A New Cuban Connection to JFK’s Murder 1

target-jfkBy Robert K. Wilcox, American Thinker

Days after the John F. Kennedy assassination, top White House aides read an eyes-only report that Cuba was behind the shocking Dallas murder.  Castro had warned he’d retaliate if the Kennedy administration kept trying to kill him, and they continued.  New president Lyndon Johnson ordered the secret report buried.  If made public, the U.S. would have to attack Soviet-backed Cuba and thus start World War III.

It’s been 53 years since that terrible day in Dallas, and the “Cuban Connection” has resurfaced in newly revealed secret diaries of a deceased Cold War spy and assassin.  Douglas Bazata was a decorated OSS special forces “Jedburgh” in World War II and a celebrated freelance spy who, after the war, worked for the CIA, among other intelligence agencies.  His now decoded secret diaries tell for the first time the extraordinary story of his close friend, Rene A. Dussaq, a fellow “Jed” and larger-than-life clandestine, who, he says hatched the assassination plan and led it as a shooter in Dallas.  The fascinating story and evidence, pro and con, is in my new book, Target: JFK — The Spy Who Killed Kennedy?, a mystery story that could be the key to that famous murder.

Dussaq, Argentine-born and naturalized as an American in 1942, was the son of a Cuban diplomat.  While being educated in Switzerland, he spent summers in Cuba and considered himself Cuban.  Per the diaries, he hatched the assassination plan to free Cuba from U.S. domination – exploitation vividly illustrated in the movie The Godfather, when gangsters cut a cake shaped as Cuba.  Suave and fearless, Dussaq was an Olympic athlete, Cuban revolutionary, Hollywood stuntman, and deep sea diver and treasure hunter.  During WWII, he became the legendary “Captain Bazooka” in France, who helped the Maquis defeat the Nazis.  Almost singlehandedly, he captured a garrison of over 500 Germans.

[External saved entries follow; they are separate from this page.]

definition rival_charge :: "('x \<Rightarrow> bool) set \<Rightarrow> ('x \<Rightarrow> bool) \<Rightarrow> 'x at_history \<Rightarrow> nat" where
  "rival_charge H hs hist =
     length (filter (\<lambda>(x, ob). ob = None \<and> (\<exists>g\<in>version_space H hist. g \<noteq> hs \<and> g x)) hist)"

lemma rival_charge_append_None:
  "rival_charge H hs (hist @ [(x, None)]) =
     rival_charge H hs hist + of_bool (\<exists>g\<in>version_space H hist. g \<noteq> hs \<and> g x)"
  by (simp add: rival_charge_def)

lemma rival_charge_append_Some_le:
  "rival_charge H hs (hist @ [(x, Some y)]) \<le> rival_charge H hs hist"
  unfolding rival_charge_def by (simp, rule length_filter_mono) auto

text \<open>The unobserved rounds on which the eliminated rival g was 1 had g as their only positive
  hypothesis, so they stop being charged.\<close>

lemma rival_charge_eliminate:
  assumes "unobserved_rounds_unique H hist" and "g \<in> version_space H hist" "g x" "g \<noteq> hs"
  shows "rival_charge H hs (hist @ [(x, Some False)]) + unobserved_positives hist g
    \<le> rival_charge H hs hist"
  unfolding rival_charge_def unobserved_positives_def
proof (simp, rule length_filter_disjoint_add_le; clarify)
  fix x' g' assume "(x', None) \<in> set hist" "g' \<in> version_space H hist" "\<not> g' x" "g' x'" "g x'"
  moreover from this(1) have "at_most_one_labelling (version_space H hist) x' True"
    using assms(1) unfolding unobserved_rounds_unique_def by fastforce
  ultimately show False
    using assms(2,3) unfolding at_most_one_labelling_def by metis
next
  fix x' ob assume "ob = None \<and> (\<exists>g'. g' \<in> version_space H hist \<and> \<not> g' x \<and> g' \<noteq> hs \<and> g' x')
    \<or> ob = None \<and> g x'"
  then show "ob = None \<and> (\<exists>g'\<in>version_space H hist. g' \<noteq> hs \<and> g' x')"
    using assms(2,4) by blast
qed

definition ambiguous :: "('x \<Rightarrow> bool) set \<Rightarrow> bool" where
  "ambiguous V \<longleftrightarrow> (\<exists>g\<in>V. \<exists>g'\<in>V. g \<noteq> g')"

lemma ambiguous_mono: "V \<subseteq> W \<Longrightarrow> ambiguous V \<Longrightarrow> ambiguous W"
  by (auto simp: ambiguous_def)

definition potential :: "('x \<Rightarrow> bool) set \<Rightarrow> nat \<Rightarrow> ('x \<Rightarrow> bool) \<Rightarrow> 'x at_history \<Rightarrow> nat" where
  "potential H k hs hist =
     (k + 1) * (of_bool (ambiguous (version_space H hist)) + (k - unobserved_positives hist hs))
     + rival_charge H hs hist"

lemma potential_Nil_le: "potential H k hs [] \<le> (k + 1) * (k + 1)"
  by (simp add: potential_def unobserved_positives_def rival_charge_def)
text \<open>Both runs are driven by the same noise (\<tau>, \<nu>) \<in> \<real> \<times> (\<nat> \<Rightarrow> \<real>), and the transcript is determined
  by the round at which the run halts, if it halts at all. Because all sensitivities point the same
  way, a single a \<in> [0, 1] satisfies f i D' \<le> f i D + a \<le> f i D' + 1 for every i. Shifting the
  threshold noise by a and the noise of query k by 1 maps every noise vector on which D halts in
  round k to one on which D' halts in round k, and the threshold shift alone preserves never
  halting. Shifting one Laplace(b) coordinate by at most 1 inflates probabilities by at most
  exp(1/b) = exp(\<epsilon>/2), so every halting round has probability at most exp \<epsilon> times its probability
  under D'; summing over the countably many halting rounds gives \<epsilon>-differential privacy.\<close>

definition laplace_density :: "real \<Rightarrow> real \<Rightarrow> real" where
  "laplace_density b x = exp (- \<bar>x\<bar> / b) / (2 * b)"

lemma lap_eq_density: "lap b = density lborel (\<lambda>x. ennreal (laplace_density b x))"
  by (simp add: lap_def laplace_density_def)

lemma sets_lap [measurable_cong]: "sets (lap b) = sets borel"
  by (simp add: lap_def)

lemma space_lap [simp]: "space (lap b) = UNIV"
  by (simp add: lap_def)

lemma borel_measurable_laplace_density [measurable]: "laplace_density b \<in> borel_measurable borel"
  unfolding laplace_density_def by measurable

lemma laplace_density_nonneg: "b > 0 \<Longrightarrow> 0 \<le> laplace_density b x"
  by (simp add: laplace_density_def)

text \<open>Away from 0 the Laplace density is the average of an exponential density and its mirror image.\<close>
lemma prob_space_lap:
  assumes b: "b > 0"
  shows "prob_space (lap b)"
proof -
  let ?e = "\<lambda>x. ennreal (exponential_density (1 / b) x)"
  have e: "(\<integral>\<^sup>+ x. ?e x \<partial>lborel) = 1"
  proof -
    interpret prob_space "density lborel ?e"
      using b by (intro prob_space_exponential_density) simp
    show ?thesis
      using emeasure_space_1 by (simp add: emeasure_density)
  qed
  have e_mirror: "(\<integral>\<^sup>+ x. ?e (- x) \<partial>lborel) = 1"
    using nn_integral_real_affine[of ?e "-1" 0] e by simp
  have "AE x in lborel. ennreal (laplace_density b x) = (?e x + ?e (- x)) / 2"
    using AE_lborel_singleton[of 0]
  proof eventually_elim
    case (elim x)
    have mirror: "laplace_density b x = (exponential_density (1 / b) x + exponential_density (1 / b) (- x)) / 2"
      using elim b by (auto simp: laplace_density_def exponential_density_def abs_if)
    show ?case
      unfolding mirror using b
      by (simp add: ennreal_plus[symmetric] ennreal_divide_numeral exponential_density_nonneg del: ennreal_plus)
  qed
  then have "(\<integral>\<^sup>+ x. ennreal (laplace_density b x) \<partial>lborel) = (\<integral>\<^sup>+ x. (?e x + ?e (- x)) / 2 \<partial>lborel)"
    by (rule nn_integral_cong_AE)
  also have "\<dots> = 1"
    using e e_mirror by (simp add: nn_integral_divide nn_integral_add)
  finally show ?thesis
    unfolding lap_eq_density by (intro prob_spaceI) (simp add: emeasure_density)
qed

lemma laplace_density_shift_le:
  assumes "b > 0"
  shows "laplace_density b (y - a) \<le> exp (\<bar>a\<bar> / b) * laplace_density b y"
proof -
  have "(- \<bar>y - a\<bar>) / b \<le> (\<bar>a\<bar> - \<bar>y\<bar>) / b"
    using assms by (intro divide_right_mono) auto
  then show ?thesis
    using assms by (simp add: laplace_density_def divide_right_mono diff_divide_distrib flip: exp_add)
qed

definition pushforward_bounded :: "'a measure \<Rightarrow> ('a \<Rightarrow> 'a) \<Rightarrow> ennreal \<Rightarrow> bool" where
  "pushforward_bounded M t c \<longleftrightarrow> t \<in> measurable M M \<and>
     (\<forall>A \<in> sets M. emeasure M (t -` A \<inter> space M) \<le> c * emeasure M A)"

lemma emeasure_le_pushforward_bounded:
  assumes "pushforward_bounded M t c" and "B \<in> sets M" and "A \<subseteq> t -` B \<inter> space M"
  shows "emeasure M A \<le> c * emeasure M B"
proof -
  have "t -` B \<inter> space M \<in> sets M"
    using assms(1,2) by (auto simp: pushforward_bounded_def intro: measurable_sets)
  then have "emeasure M A \<le> emeasure M (t -` B \<inter> space M)"
    using assms(3) by (intro emeasure_mono)
  also have "\<dots> \<le> c * emeasure M B"
    using assms(1,2) by (simp add: pushforward_bounded_def)
  finally show ?thesis .
qed

lemma pushforward_bounded_mono:
  "pushforward_bounded M t c \<Longrightarrow> c \<le> d \<Longrightarrow> pushforward_bounded M t d"
  unfolding pushforward_bounded_def by (meson mult_right_mono order_trans zero_le)

lemma pushforward_bounded_comp:
  assumes s: "pushforward_bounded M s c" and t: "pushforward_bounded M t d"
  shows "pushforward_bounded M (s \<circ> t) (c * d)"
  unfolding pushforward_bounded_def
proof (intro conjI ballI)
  show "s \<circ> t \<in> measurable M M"
    using s t by (auto simp: pushforward_bounded_def intro: measurable_comp)
  fix A assume A: "A \<in> sets M"
  have sA: "s -` A \<inter> space M \<in> sets M"
    using s A by (auto simp: pushforward_bounded_def intro: measurable_sets)
  have "(s \<circ> t) -` A \<inter> space M = t -` (s -` A \<inter> space M) \<inter> space M"
    using t by (auto simp: pushforward_bounded_def dest: measurable_space)
  also have "emeasure M \<dots> \<le> d * emeasure M (s -` A \<inter> space M)"
    using t sA unfolding pushforward_bounded_def by blast
  also have "\<dots> \<le> d * (c * emeasure M A)"
    using s A by (intro mult_left_mono) (simp_all add: pushforward_bounded_def)
  finally show "emeasure M ((s \<circ> t) -` A \<inter> space M) \<le> c * d * emeasure M A"
    by (simp add: ac_simps)
qed

lemma pushforward_bounded_lap_shift:
  assumes b: "b > 0"
  shows "pushforward_bounded (lap b) (\<lambda>x. x + a) (exp (\<bar>a\<bar> / b))"
  unfolding pushforward_bounded_def
proof (intro conjI ballI)
  show "(\<lambda>x. x + a) \<in> measurable (lap b) (lap b)"
    by measurable
  fix A assume "A \<in> sets (lap b)"
  then have [measurable]: "A \<in> sets borel"
    by (simp add: sets_lap)
  have "(\<lambda>x. x + a) -` A \<in> sets borel"
    using measurable_sets[of "\<lambda>x. x + a" borel borel A] by simp
  then have "emeasure (lap b) ((\<lambda>x. x + a) -` A \<inter> space (lap b))
      = (\<integral>\<^sup>+ x. ennreal (laplace_density b x) * indicator A (a + x) \<partial>lborel)"
    unfolding lap_eq_density
    by (subst emeasure_density) (auto intro!: nn_integral_cong simp: add.commute split: split_indicator)
  also have "\<dots> = (\<integral>\<^sup>+ y. ennreal (laplace_density b (y - a)) * indicator A y \<partial>lborel)"
    using nn_integral_real_affine[of "\<lambda>y. ennreal (laplace_density b (y - a)) * indicator A y" 1 a]
    by simp
  also have "\<dots> \<le> (\<integral>\<^sup>+ y. exp (\<bar>a\<bar> / b) * (ennreal (laplace_density b y) * indicator A y) \<partial>lborel)"
    using b by (intro nn_integral_mono)
      (auto simp: mult.assoc[symmetric] laplace_density_shift_le laplace_density_nonneg
        simp flip: ennreal_mult intro!: mult_right_mono ennreal_leI split: split_indicator)
  also have "\<dots> = exp (\<bar>a\<bar> / b) * emeasure (lap b) A"
    unfolding lap_eq_density by (simp add: emeasure_density nn_integral_cmult)
  finally show "emeasure (lap b) ((\<lambda>x. x + a) -` A \<inter> space (lap b)) \<le> exp (\<bar>a\<bar> / b) * emeasure (lap b) A" .
qed

lemma measurable_map_prod_pair [measurable]:
  assumes [measurable]: "s \<in> measurable M M'" "t \<in> measurable Q Q'"
  shows "map_prod s t \<in> measurable (M \<Otimes>\<^sub>M Q) (M' \<Otimes>\<^sub>M Q')"
  unfolding map_prod_def by measurable

lemma pushforward_bounded_pair_snd:
  assumes Q: "sigma_finite_measure Q" and t: "pushforward_bounded Q t c"
  shows "pushforward_bounded (M \<Otimes>\<^sub>M Q) (map_prod id t) c"
  unfolding pushforward_bounded_def
proof (intro conjI ballI)
  interpret Q: sigma_finite_measure Q by (rule Q)
  have [measurable]: "t \<in> measurable Q Q"
    using t by (simp add: pushforward_bounded_def)
  show "map_prod id t \<in> measurable (M \<Otimes>\<^sub>M Q) (M \<Otimes>\<^sub>M Q)"
    by measurable
  fix A assume A: "A \<in> sets (M \<Otimes>\<^sub>M Q)"
  let ?A' = "map_prod id t -` A \<inter> space (M \<Otimes>\<^sub>M Q)"
  have A': "?A' \<in> sets (M \<Otimes>\<^sub>M Q)"
    using A by measurable
  have "emeasure Q (Pair x -` ?A') \<le> c * emeasure Q (Pair x -` A)" for x
  proof (cases "x \<in> space M")
    case True
    then have "Pair x -` ?A' = t -` (Pair x -` A) \<inter> space Q"
      by (auto simp: space_pair_measure)
    then show ?thesis
      using t sets_Pair1[OF A] by (simp add: pushforward_bounded_def)
  qed (auto simp: space_pair_measure)
  then have "emeasure (M \<Otimes>\<^sub>M Q) ?A' \<le> (\<integral>\<^sup>+ x. c * emeasure Q (Pair x -` A) \<partial>M)"
    by (simp add: Q.emeasure_pair_measure_alt[OF A'] nn_integral_mono)
  also have "\<dots> = c * emeasure (M \<Otimes>\<^sub>M Q) A"
    using A by (simp add: Q.emeasure_pair_measure_alt nn_integral_cmult Q.measurable_emeasure_Pair)
  finally show "emeasure (M \<Otimes>\<^sub>M Q) ?A' \<le> c * emeasure (M \<Otimes>\<^sub>M Q) A" .
qed

lemma pushforward_bounded_pair_fst:
  assumes MQ: "pair_sigma_finite M Q" and s: "pushforward_bounded M s c"
  shows "pushforward_bounded (M \<Otimes>\<^sub>M Q) (map_prod s id) c"
  unfolding pushforward_bounded_def
proof (intro conjI ballI)
  interpret pair_sigma_finite M Q by (rule MQ)
  have [measurable]: "s \<in> measurable M M"
    using s by (simp add: pushforward_bounded_def)
  show "map_prod s id \<in> measurable (M \<Otimes>\<^sub>M Q) (M \<Otimes>\<^sub>M Q)"
    by measurable
  fix A assume A: "A \<in> sets (M \<Otimes>\<^sub>M Q)"
  let ?A' = "map_prod s id -` A \<inter> space (M \<Otimes>\<^sub>M Q)"
  have A': "?A' \<in> sets (M \<Otimes>\<^sub>M Q)"
    using A by measurable
  have "emeasure M ((\<lambda>x. (x, y)) -` ?A') \<le> c * emeasure M ((\<lambda>x. (x, y)) -` A)" for y
  proof (cases "y \<in> space Q")
    case True
    then have "(\<lambda>x. (x, y)) -` ?A' = s -` ((\<lambda>x. (x, y)) -` A) \<inter> space M"
      by (auto simp: space_pair_measure)
    then show ?thesis
      using s sets_Pair2[OF A] by (simp add: pushforward_bounded_def)
  qed (auto simp: space_pair_measure)
  then have "emeasure (M \<Otimes>\<^sub>M Q) ?A' \<le> (\<integral>\<^sup>+ y. c * emeasure M ((\<lambda>x. (x, y)) -` A) \<partial>Q)"
    by (simp add: emeasure_pair_measure_alt2[OF A'] nn_integral_mono)
  also have "\<dots> = c * emeasure (M \<Otimes>\<^sub>M Q) A"
    using A by (simp add: emeasure_pair_measure_alt2 nn_integral_cmult measurable_emeasure_Pair2)
  finally show "emeasure (M \<Otimes>\<^sub>M Q) ?A' \<le> c * emeasure (M \<Otimes>\<^sub>M Q) A" .
qed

Few in America have ever heard of Dussaq, although some of his exploits have been chronicled.  He kept a low profile as a successful post-WWII Los Angeles insurance agent while secretly working undercover for the FBI against Hollywood communists in the 1950s.  It also appears that he was a double, and perhaps triple, agent working ostensibly for the CIA, but also for Cuba, if not others.  Characteristically, the CIA will neither confirm nor deny that.  Bazata, too, after the war, worked for the CIA and was a good friend of William Colby, who headed the CIA from 1973 to 1976.  Because of who Bazata was and his level of access, his secret diaries must be taken seriously.

Dussaq and Bazata met in Cuba in the 1930s.  Bazata was a young marine assigned to assassinate a Cuban revolutionary.  The mission went awry, but Dussaq saved his life; therefore, Bazata was in his debt.  He also admired Dussaq for his intelligence and fearlessness.  As Jedburghs, both men jumped into occupied France, where their bond deepened.  After the war, writes Bazata, Dussaq grew angry at U.S. exploitation of Cuba, and once JFK became president, Kennedy’s administration’s Bay of Pigs invasion and continual attempts to assassinate Fidel Castro gave justification in Dussaq’s mind for implementing “Hydra-K,” the JFK kill-plot detailed in the diaries.